I enjoy reading your posts, and know this forum will

continue unabated. I only ask that when a individual

is obviously suffering, the first thing we all do is

give them a Bandan. Send them some Love. I have always

felt this when done for me, and i know it is very

powerful way to help others. Perhaps more than any

words....

 

I have written much, and deleted it all...

If asked what I did to come to the place i exist in

today, I would laugh very heartily and respond,

" nothing " , I have done nothing.

 

But that is not entirely true. I learned to watch,

myself and others, and most importantly, watch Mother.

That is, the Kundalini. The years i was in self

imposed exile because of my illness, i always watched

and paid attention with detachment to my kundalini. We

had a dialog for almost 10 years, " how to convince

people they need self realization " . This was probably

the only thing i thought about when i was not working

or otherwise involved. I have long time ago abandoned

this dialog.

 

I guess my Love grew for this force, this silent

place inside of myself. I had stopped chasing it, and

started to accept it as it was, for what it was, just

living with it. I had little choice really as next

time i took ill might be the last time. I had come

very close before, to not recovering. And with Love

grows Trust. They are hand in hand, one cannot love

without it. So i grew to trust the Goddess, she led me

everywhere, i only followed. Even when i thought it

was me, it was only maya. But i always asked Her what

to do, mostly anyway.

 

One time after a few years on " the road " i was

sitting in my brothers living room, and did not know

what to do with my life next. I was meditating and

asked Mother, what next? I had my answer in an

inspiration and it worked out for the next 5 years.

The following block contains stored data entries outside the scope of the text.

lemma isCont_std_normal_cdf: "isCont std_normal_cdf x"
  using std_normal.isCont_cdf measure_std_normal_singleton by simp

lemma cdf_distr_uminus:
  assumes "real_distribution M" and "isCont (cdf M) (- x)"
  shows "cdf (distr M borel uminus) x = 1 - cdf M (- x)"
proof -
  interpret M: real_distribution M by (fact assms(1))
  have "measure M {- x} = 0"
    using M.isCont_cdf assms(2) by simp
  moreover have "{..- x} = {..< - x} \<union> {- x}" by auto
  ultimately have "cdf M (- x) = measure M {..< - x}"
    unfolding cdf_def using M.finite_measure_Union[of "{..< - x}" "{- x}"] by simp
  moreover have "cdf (distr M borel uminus) x = measure M {- x..}"
    unfolding cdf_def by (subst measure_distr) (auto intro!: arg_cong[where f="measure _"])
  moreover have "measure M {- x..} = 1 - measure M {..< - x}"
    using M.prob_compl[of "{..< - x}"] by (simp add: Compl_eq_Diff_UNIV[symmetric])
  ultimately show ?thesis by simp
qed

lemma distr_std_normal_uminus: "distr std_normal_distribution borel uminus = std_normal_distribution"
proof (rule Levy_uniqueness)
  show "real_distribution (distr std_normal_distribution borel uminus)"
    by (intro std_normal.real_distribution_distr) simp
  show "char (distr std_normal_distribution borel uminus) = char std_normal_distribution"
  proof
    fix t
    have "char (distr std_normal_distribution borel uminus) t = char std_normal_distribution (- t)"
      unfolding char_def by (subst integral_distr) auto
    then show "char (distr std_normal_distribution borel uminus) t = char std_normal_distribution t"
      by (simp add: char_std_normal_distribution)
  qed
qed (rule real_dist_normal_dist)

lemma std_normal_cdf_uminus: "std_normal_cdf (- x) = 1 - std_normal_cdf x"
  using cdf_distr_uminus[OF real_dist_normal_dist isCont_std_normal_cdf, of "- x"]
  by (simp add: distr_std_normal_uminus)

subsection \<open>Order statistics and coin tossing\<close>

lemma sorted_nth_iff_filter:
  fixes xs :: "'a::linorder list"
  assumes "sorted xs" and "j < length xs" and down_closed: "\<And>a b. P b \<Longrightarrow> a \<le> b \<Longrightarrow> P a"
  shows "P (xs ! j) \<longleftrightarrow> j < length (filter P xs)"
  using assms(1,2)
proof (induction xs arbitrary: j)
  case Nil
  then show ?case by simp
next
  case (Cons a xs)
  have a_le: "\<forall>y\<in>set xs. a \<le> y"
    using Cons.prems(1) by simp
  show ?case
  proof (cases "P a")
    case True
    then show ?thesis
      using Cons by (cases j) auto
  next
    case False
    then have "\<not> P y" if "y \<in> set (a # xs)" for y
      using that a_le down_closed by auto
    then show ?thesis
      using Cons.prems(2) nth_mem[of j "a # xs"] by (auto simp: filter_empty_conv)
  qed
qed

lemma order_stat_le_iff:
  assumes "1 \<le> r" and "r \<le> D"
  shows "real (order_stat r D x) \<le> c \<longleftrightarrow> r \<le> card {i\<in>{..<D}. real (x i) \<le> c}"
proof -
  let ?ys = "map x [0..<D]"
  let ?P = "\<lambda>y::nat. real y \<le> c"
  have "?P (sort ?ys ! (r - 1)) \<longleftrightarrow> r - 1 < length (filter ?P (sort ?ys))"
    by (rule sorted_nth_iff_filter) (use assms in auto)
  moreover have "length (filter ?P (sort ?ys)) = length (filter ?P ?ys)"
    by (metis mset_filter mset_sort size_mset)
  moreover have "length (filter ?P ?ys) = card {i\<in>{..<D}. real (x i) \<le> c}"
  proof -
    have "length (filter ?P ?ys) = length (filter (\<lambda>i. real (x i) \<le> c) [0..<D])"
      by (simp add: filter_map comp_def)
    also have "\<dots> = card (set (filter (\<lambda>i. real (x i) \<le> c) [0..<D]))"
      by (rule distinct_card[symmetric]) simp
    also have "set (filter (\<lambda>i. real (x i) \<le> c) [0..<D]) = {i\<in>{..<D}. real (x i) \<le> c}"
      by auto
    finally show ?thesis .
  qed
  ultimately show ?thesis
    using assms unfolding order_stat_def by auto
qed

lemma order_stat_in_range:
  assumes "1 \<le> r" and "r \<le> D"
  shows "\<exists>i<D. order_stat r D x = x i"
proof -
  have "order_stat r D x \<in> set (sort (map x [0..<D]))"
    unfolding order_stat_def using assms by (intro nth_mem) auto
  then show ?thesis by auto
qed

lemma map_pmf_eq_bernoulli_pmf:
  fixes f :: "'a \<Rightarrow> bool"
  shows "map_pmf f q = bernoulli_pmf (measure_pmf.prob q {x. f x})"
proof (rule pmf_eqI)
  fix b
  have "measure_pmf.prob q (f -` {False}) = 1 - measure_pmf.prob q {x. f x}"
    using measure_pmf.prob_compl[of "{x. f x}" q]
    by (simp add: vimage_def Compl_eq_Diff_UNIV[symmetric] Collect_neg_eq)
  then show "pmf (map_pmf f q) b = pmf (bernoulli_pmf (measure_pmf.prob q {x. f x})) b"
    by (cases b) (auto simp: pmf_map vimage_def)
qed

lemma measure_Pi_pmf_change_default:
  assumes "finite A" and "\<And>f g. (\<forall>i\<in>A. f i = g i) \<Longrightarrow> f \<in> E \<longleftrightarrow> g \<in> E"
  shows "measure_pmf.prob (Pi_pmf A d p) E = measure_pmf.prob (Pi_pmf A d' p) E"
proof -
  have "Pi_pmf A d' p = map_pmf (\<lambda>f x. if x \<in> A then f x else d') (Pi_pmf A d p)"
    using Pi_pmf_default_swap[OF assms(1)] by metis
  moreover have "(\<lambda>f x. if x \<in> A then f x else d') -` E = E"
    using assms(2)[of "\<lambda>x. if x \<in> A then _ x else d'"] by auto
  ultimately show ?thesis
    by (simp add: measure_map_pmf)
qed

lemma card_lessThan_cong:
  "\<forall>i\<in>{..<D}. f i = g i \<Longrightarrow> card {i. i < D \<and> f i} = card {i. i < D \<and> g i}"
  by (rule arg_cong[where f=card]) auto

definition binom_tail :: "nat \<Rightarrow> nat \<Rightarrow> real \<Rightarrow> real" where
  "binom_tail D r p = measure_pmf.prob (Pi_pmf {..<D} False (\<lambda>_. bernoulli_pmf p))
     {b. r \<le> card {i\<in>{..<D}. b i}}"

lemma prob_pois_order_le:
  assumes "1 \<le> r" and "r \<le> D"
  shows "measure_pmf.prob (pois_order_pmf \<mu> r D) {y. real y \<le> c} = binom_tail D r (poisson_cdf \<mu> c)"
proof -
  let ?Q = "Pi_pmf {..<D} (0::nat) (\<lambda>_. poisson_pmf \<mu>)"
  let ?E = "{b. r \<le> card {i\<in>{..<D}. b i}}"
  let ?f = "\<lambda>k::nat. real k \<le> c"
  have "measure_pmf.prob (pois_order_pmf \<mu> r D) {y. real y \<le> c}
      = measure_pmf.prob ?Q {x. real (order_stat r D x) \<le> c}"
    unfolding pois_order_pmf_def by (simp add: measure_map_pmf vimage_def)
  also have "{x. real (order_stat r D x) \<le> c} = (\<lambda>h. ?f \<circ> h) -` ?E"
    using order_stat_le_iff[OF assms] by auto
  also have "measure_pmf.prob ?Q ((\<lambda>h. ?f \<circ> h) -` ?E) = measure_pmf.prob (map_pmf (\<lambda>h. ?f \<circ> h) ?Q) ?E"
    by (simp add: measure_map_pmf)
  also have "map_pmf (\<lambda>h. ?f \<circ> h) ?Q = Pi_pmf {..<D} (?f 0) (\<lambda>_. map_pmf ?f (poisson_pmf \<mu>))"
    by (rule Pi_pmf_map[symmetric]) auto
  also have "map_pmf ?f (poisson_pmf \<mu>) = bernoulli_pmf (poisson_cdf \<mu> c)"
    unfolding poisson_cdf_def by (rule map_pmf_eq_bernoulli_pmf)
  also have "measure_pmf.prob (Pi_pmf {..<D} (?f 0) (\<lambda>_. bernoulli_pmf (poisson_cdf \<mu> c))) ?E
      = binom_tail D r (poisson_cdf \<mu> c)"
    unfolding binom_tail_def by (rule measure_Pi_pmf_change_default) (auto dest!: card_lessThan_cong)
  finally show ?thesis .
qed

lemma card_lessThan_Not:
  fixes h :: "nat \<Rightarrow> bool"
  shows "card {i\<in>{..<D}. \<not> h i} = D - card {i\<in>{..<D}. h i}"
proof -
  have "{i\<in>{..<D}. \<not> h i} = {..<D} - {i\<in>{..<D}. h i}" by auto
  also have "card \<dots> = D - card {i\<in>{..<D}. h i}"
    by (subst card_Diff_subset) auto
  finally show ?thesis .
qed

text \<open>Flipping every coin turns ``at least \<open>r\<close> successes'' into ``fewer than \<open>D - r + 1\<close>''.\<close>

lemma binom_tail_complement:
  assumes "1 \<le> r" and "r \<le> D" and "0 \<le> p" and "p \<le> 1"
  shows "binom_tail D (D - r + 1) (1 - p) = 1 - binom_tail D r p"
proof -
  let ?Q = "Pi_pmf {..<D} False (\<lambda>_. bernoulli_pmf p)"
  let ?E = "{b. r \<le> card {i\<in>{..<D}. b i}}"
  let ?E' = "{b. D - r + 1 \<le> card {i\<in>{..<D}. b i}}"
  have "{x. \<not> x} = {False}" by auto
  then have "measure_pmf.prob (bernoulli_pmf p) {x. \<not> x} = 1 - p"
    using assms(3,4) by (simp add: measure_pmf_single)
  then have flip: "map_pmf Not (bernoulli_pmf p) = bernoulli_pmf (1 - p)"
    by (simp add: map_pmf_eq_bernoulli_pmf)
  have card_le: "card {i\<in>{..<D}. h i} \<le> D" for h :: "nat \<Rightarrow> bool"
    by (metis (no_types, lifting) card_lessThan card_mono finite_lessThan mem_Collect_eq subsetI)
  have "Not \<circ> h \<in> ?E' \<longleftrightarrow> h \<notin> ?E" for h
    using assms(1,2) card_le[of h] card_lessThan_Not[of D h] by auto
  then have preimage: "(\<lambda>h. Not \<circ> h) -` ?E' = UNIV - ?E"
    by auto
  have "binom_tail D (D - r + 1) (1 - p)
      = measure_pmf.prob (Pi_pmf {..<D} True (\<lambda>_. bernoulli_pmf (1 - p))) ?E'"
    unfolding binom_tail_def by (rule measure_Pi_pmf_change_default) (auto dest!: card_lessThan_cong)
  also have "Pi_pmf {..<D} True (\<lambda>_. bernoulli_pmf (1 - p)) = map_pmf (\<lambda>h. Not \<circ> h) ?Q"
    unfolding flip[symmetric] by (rule Pi_pmf_map) auto
  also have "measure_pmf.prob (map_pmf (\<lambda>h. Not \<circ> h) ?Q) ?E' = measure_pmf.prob ?Q (UNIV - ?E)"
    by (simp only: measure_map_pmf preimage)
  also have "\<dots> = 1 - binom_tail D r p"
    unfolding binom_tail_def using measure_pmf.prob_compl[of ?E ?Q] by simp
  finally show ?thesis .
qed

text \<open>\<open>binom_tail\<close> is meaningful only for \<open>0 \<le> p \<le> 1\<close>, since \<open>bernoulli_pmf\<close> clamps its parameter;
  the polynomial agreeing with it there is continuous everywhere.\<close>

definition at_least_true :: "nat \<Rightarrow> nat \<Rightarrow> (nat \<Rightarrow> bool) set" where
  "at_least_true D r = {b \<in> PiE_dflt {..<D} False (\<lambda>_. UNIV). r \<le> card {i\<in>{..<D}. b i}}"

But the point is, my sister in-law was upstairs

folding laundry, and as she looked up at the same

moment i was receiving, she saw a column of twinkling

lights descending through the ceiling and into the

floor. I was directly beneath. She came running down

the stairs, what was that she said? i just smiled and

said oh, I was just talking to God. So this was how it

was, not like the yogi warned me, if I was out of the

collective, i would Loose everything. I was of course

afraid what they said to be true, but found out

differently. I wanted/needed this connection and have

never been without it.

 

I very early gave up trying to discern others

vibrations, as i saw this was a maya, they are for us

to use on ourselves, and in Love giving to others. I

found any other use was more like looking into a

mirror. I did once perform experiments with yogis in

Romania, who confirmed what i thought about this. It

was a blind experiment, conducted by a Romanian

sociologist SY. They took my vibrations through a

photo being told nothing. The report was very

disturbing, as i suffered from catches according to

them, i should not be alive...im laughing a little, it

wasn't that bad, but they had me catching

everywhere...

 

Well i sent another photo, one i sent to you Jagbir,

and my friend in Romania reported to me he had an

experience of pranama, to say Pure Love. As that was

my intention, to try and show this illusion. Of course

I did not do anything, I asked Mother to do, i only

followed Her directions. The whole thing was Her doing

really.

 

So i feel i am rambling on and on, i dont know about

what, oh, being a master. There is the attachment to

this note. The photo of Shri Kali. This is some of my

relationship with the goddess today. I have the

experience of Shri Shiva's snake dancing on my head,

just like that, and rest quietly in her embrace. I am

indeed a dead man, having actually died, not

metaphorically at all. Our Goddess, was once in

history all incarnations. As the goddess psyche, she

was referred to as a butterfly, actually in greek the

name means both mind, well actually soul/butterfly.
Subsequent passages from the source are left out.